**** RECORDS FOR THE TASK ****
lemma strongly_relevant_interpolant:
  assumes aN: "usep a \<in> N" and bN: "usep b \<in> N" and ab: "oleq a b" and ord_ab: "oord a < oord b"
    and PQ: "P \<in> \<P>" "Q \<in> \<P>" "eff_distinguishes V E (usep b) P Q" "oinv b \<in> P" "b \<in> Q"
    and aP: "a \<in> P"
    and RQ: "R \<in> \<P>" "Q' \<in> \<P>" "eff_distinguishes V E (usep a) R Q'" "oinv a \<in> R" "a \<in> Q'"
      "a \<noteq> oinv a"
    and not_eff: "\<not> eff_distinguishes V E (usep a) R P"
  obtains c where "c \<in> \<Union>N" "strongly_relevant V E \<P> a c" "strongly_relevant V E \<P> c b"
proof -
  have pre: "pretangle V E P" "pretangle V E Q" "pretangle V E R" "pretangle V E Q'"
    using pretangles PQ RQ by auto
  obtain c where c: "usep c \<in> N" "eff_distinguishes V E (usep c) R P"
    "oinv c \<in> R" "c \<in> P" "c \<noteq> oinv c" and ca: "oord c < oord a"
    using cheaper_distinguisher_in_N[OF aN RQ(1) PQ(1) RQ(4) aP RQ(6) not_eff] .
  have sc: "is_sep V E (usep c)"
    using N_is_sep c(1) by blast
  have cQ': "oinv c \<in> Q'"
    using eff_distinguishes_agree_below[OF pre(4) RQ(3) c(3)] sc ca by simp
  have cQ: "c \<in> Q"
    using eff_distinguishes_agree_below[OF pre(2) PQ(3) c(4) sc] ca ord_ab by simp
  have ac: "oleq a c"
    using nested_oleq_by_profiles[OF _ _ pre(1) aP c(4) pre(3) RQ(4) c(3) pre(4) RQ(5) cQ']
      N_nested aN c(1) ca by simp
  have "nested (usep c) (usep b)"
    using N_nested bN c(1) by blast
  moreover have "\<not> oleq (oinv c) b" "\<not> oleq b c"
    using pretangle_not_oinv_oleq[OF pre(2) cQ PQ(5)] pretangle_not_oinv_oleq[OF pre(1) PQ(4) c(4)]
      ca ord_ab by simp_all
  moreover have "\<not> oleq c (oinv b)"
    using proper_not_below_both_orientations[OF _ _ ab] oleq_trans[OF ac]
      N_proper_relevant N_is_sep aN bN by blast
  ultimately have cb: "oleq c b"
    using nested_usep_cases by blast
  have "distinguishes (usep c) Q' P"
    using distinguishes_usepI[of "oinv c" Q' P] cQ' c(4,5) by auto
  then have "eff_distinguishes V E (usep c) Q' P"
    using eff_distinguishes_triangle[OF pre(3) c(2) RQ(3) _ sc] ca by simp
  then have "strongly_relevant V E \<P> a c"
    unfolding strongly_relevant_def olt_def using ac ca RQ PQ(1) cQ' by auto
  moreover have "strongly_relevant V E \<P> c b"
    unfolding strongly_relevant_def olt_def using cb ca ord_ab RQ(1) PQ c by auto
  moreover have "c \<in> \<Union>N"
    using c(1) self_in_usep by blast
  ultimately show thesis
    using that by blast
qed

lemma strongly_relevant_or_interpolant:
  assumes "a \<in> \<Union>N" "b \<in> \<Union>N" "olt a b" "oord a < oord b"
  shows "strongly_relevant V E \<P> a b \<or>
    (\<exists>c\<in>\<Union>N. strongly_relevant V E \<P> a c \<and> strongly_relevant V E \<P> c b)"
proof -
  have aN: "usep a \<in> N" and bN: "usep b \<in> N"
    using usep_in_if_in_Union N_is_sep assms(1,2) by blast+
  have sa: "is_sep V E (usep a)"
    using N_is_sep aN by blast
  have ab: "oleq a b"
    using \<open>olt a b\<close> unfolding olt_def by auto
  obtain P Q where PQ: "P \<in> \<P>" "Q \<in> \<P>" "eff_distinguishes V E (usep b) P Q" "oinv b \<in> P" "b \<in> Q"
    using relevant_usepE N_proper_relevant bN by metis
  have preP: "pretangle V E P" and preQ: "pretangle V E Q"
    using pretangles PQ by auto
  have aQ: "a \<in> Q"
    using pretangle_down_closed[OF preQ PQ(5) ab \<open>oord a < oord b\<close> sa] .
  have aP: "a \<in> P"
    using eff_distinguishes_agree_below[OF preP eff_distinguishes_sym[OF PQ(3)] aQ sa]
      \<open>oord a < oord b\<close> by simp
  obtain R Q' where RQ: "R \<in> \<P>" "Q' \<in> \<P>" "eff_distinguishes V E (usep a) R Q'"
    "oinv a \<in> R" "a \<in> Q'" "a \<noteq> oinv a"
    using relevant_usepE N_proper_relevant aN by metis
  show ?thesis
  proof (cases "eff_distinguishes V E (usep a) R P")
    case True
    then have "strongly_relevant V E \<P> a b"
      unfolding strongly_relevant_def using \<open>olt a b\<close> RQ(1) PQ aP by blast
    then show ?thesis ..
  next
    case False
    from strongly_relevant_interpolant[OF aN bN ab \<open>oord a < oord b\<close> PQ aP RQ False]
    show ?thesis
      by blast
  qed
qed

end

lemma refine_to_chain:
  fixes s :: "nat \<Rightarrow> 'b" and R :: "'b \<Rightarrow> 'b \<Rightarrow> bool"
  assumes "\<And>i. R (s i) (s (Suc i)) \<or> (\<exists>x. R (s i) x \<and> R x (s (Suc i)))"
  obtains s' :: "nat \<Rightarrow> 'b" and f where
    "strict_mono f" "\<And>i. s' (f i) = s i" "\<And>n. R (s' n) (s' (Suc n))"
proof -
  define direct where "direct i \<longleftrightarrow> R (s i) (s (Suc i))" for i
  have "\<forall>i. \<exists>x. \<not> direct i \<longrightarrow> R (s i) x \<and> R x (s (Suc i))"
    using assms unfolding direct_def by blast
  then obtain m where m: "\<And>i. \<not> direct i \<Longrightarrow> R (s i) (m i) \<and> R (m i) (s (Suc i))"
    by metis
  \<comment> \<open>A position \<open>(i, True)\<close> of the refined sequence holds \<open>m i\<close>, a position \<open>(i, False)\<close> holds \<open>s i\<close>.\<close>
  define step where
    "step = (\<lambda>(i, mid). if mid \<or> direct i then (Suc i, False) else (i, True))"
  define pos where "pos n = (step ^^ n) (0, False)" for n
  define s' where "s' n = (case pos n of (i, mid) \<Rightarrow> if mid then m i else s i)" for n
  define f where "f i = (\<Sum>j<i. if direct j then 1 else 2 :: nat)" for i
  have pos_Suc: "pos (Suc n) = step (pos n)" for n
    unfolding pos_def by simp
  have mid_indirect: "\<not> direct i" if "pos n = (i, True)" for n i
    using that
  proof (induction n arbitrary: i)
    case 0
    then show ?case
      by (simp add: pos_def)
  next
    case (Suc n)
    then show ?case
      unfolding pos_Suc step_def by (cases "pos n") (auto split: if_splits)
  qed
  have pos_f: "pos (f i) = (i, False)" for i
  proof (induction i)
    case 0
    then show ?case
      by (simp add: pos_def f_def)
  next
    case (Suc i)
    then show ?case
      by (cases "direct i") (simp_all add: f_def pos_Suc step_def)
  qed
  have "strict_mono f"
    unfolding strict_mono_Suc_iff f_def by simp
  moreover have "s' (f i) = s i" for i
    unfolding s'_def pos_f by simp
  moreover have "R (s' n) (s' (Suc n))" for n
  proof (cases "pos n")
    case (Pair i mid)
    then show ?thesis
      using m[of i] mid_indirect[of n i]
      unfolding s'_def pos_Suc step_def direct_def by (cases mid) auto
  qed
  ultimately show thesis
    using that by blast
qed

theorem mainTheorem15:
  fixes V :: "'a set" and E :: "'a \<Rightarrow> 'a \<Rightarrow> bool"
    and \<P> :: "'a osep set set" and N :: "'a osep set set"
    and s :: "nat \<Rightarrow> 'a osep"
  assumes "graph V E"
    and "\<forall>P\<in>\<P>. pretangle V E P"
    and "\<forall>t\<in>N. proper_sep V E t \<and> relevant V E \<P> t"
    and "\<forall>t\<in>N. \<forall>u\<in>N. nested t u"
    and "set_eff_distinguishes V E N \<P>"
    and "\<forall>i. s i \<in> \<Union>N"
    and "\<forall>i. olt (s i) (s (Suc i))"
    and "\<forall>i. oord (s i) < oord (s (Suc i))"
  shows "\<exists>s' :: nat \<Rightarrow> 'a osep. (\<forall>i. s' i \<in> \<Union>N) \<and> (\<forall>i. olt (s' i) (s' (Suc i))) \<and>
           (\<exists>f. strict_mono f \<and> (\<forall>i. s' (f i) = s i)) \<and>
           (\<forall>i. strongly_relevant V E \<P> (s' i) (s' (Suc i)))"
proof -
  define R where "R p q \<longleftrightarrow> p \<in> \<Union>N \<and> q \<in> \<Union>N \<and> strongly_relevant V E \<P> p q" for p q
  have "R (s i) (s (Suc i)) \<or> (\<exists>x. R (s i) x \<and> R x (s (Suc i)))" for i
    using strongly_relevant_or_interpolant[OF assms(2-5), of "s i" "s (Suc i)"] assms(6-8)
    unfolding R_def by blast
  then obtain s' f where "strict_mono f" "\<And>i. s' (f i) = s i" "\<And>n. R (s' n) (s' (Suc n))"
    using refine_to_chain by metis
  then show ?thesis
    unfolding R_def strongly_relevant_def by blast
qed

end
****
In the data above, find the line with "using eff_distinguishes_agree_below[OF pre(4)" and the line with "using \<open>olt a b\<close> unfolding". Retype both, plus every line between them, exactly.

• [WRITTEN RESPONSE]
    using eff_distinguishes_agree_below[OF pre(4) RQ(3) c(3)] sc ca by simp
  have cQ: "c \<in> Q"
    using eff_distinguishes_agree_below[OF pre(2) PQ(3) c(4) sc] ca ord_ab by simp
  have ac: "oleq a c"
    using nested_oleq_by_profiles[OF _ _ pre(1) aP c(4) pre(3) RQ(4) c(3) pre(4) RQ(5) cQ']
      N_nested aN c(1) ca by simp
  have "nested (usep c) (usep b)"
    using N_nested bN c(1) by blast
  moreover have "\<not> oleq (oinv c) b" "\<not> oleq b c"
    using pretangle_not_oinv_oleq[OF pre(2) cQ PQ(5)] pretangle_not_oinv_oleq[OF pre(1) PQ(4) c(4)]
      ca ord_ab by simp_all
  moreover have "\<not> oleq c (oinv b)"
    using proper_not_below_both_orientations[OF _ _ ab] oleq_trans[OF ac]
      N_proper_relevant N_is_sep aN bN by blast
  ultimately have cb: "oleq c b"
    using nested_usep_cases by blast
  have "distinguishes (usep c) Q' P"
    using distinguishes_usepI[of "oinv c" Q' P] cQ' c(4,5) by auto
  then have "eff_distinguishes V E (usep c) Q' P"
    using eff_distinguishes_triangle[OF pre(3) c(2) RQ(3) _ sc] ca by simp
  then have "strongly_relevant V E \<P> a c"
    unfolding strongly_relevant_def olt_def using ac ca RQ PQ(1) cQ' by auto
  moreover have "strongly_relevant V E \<P> c b"
    unfolding strongly_relevant_def olt_def using cb ca ord_ab RQ(1) PQ c by auto
  moreover have "c \<in> \<Union>N"
    using c(1) self_in_usep by blast
  ultimately show thesis
    using that by blast
qed

lemma strongly_relevant_or_interpolant:
  assumes "a \<in> \<Union>N" "b \<in> \<Union>N" "olt a b" "oord a < oord b"
  shows "strongly_relevant V E \<P> a b \<or>
    (\<exists>c\<in>\<Union>N. strongly_relevant V E \<P> a c \<and> strongly_relevant V E \<P> c b)"
proof -
  have aN: "usep a \<in> N" and bN: "usep b \<in> N"
    using usep_in_if_in_Union N_is_sep assms(1,2) by blast+
  have sa: "is_sep V E (usep a)"
    using N_is_sep aN by blast
  have ab: "oleq a b"
    using \<open>olt a b\<close> unfolding olt_def by auto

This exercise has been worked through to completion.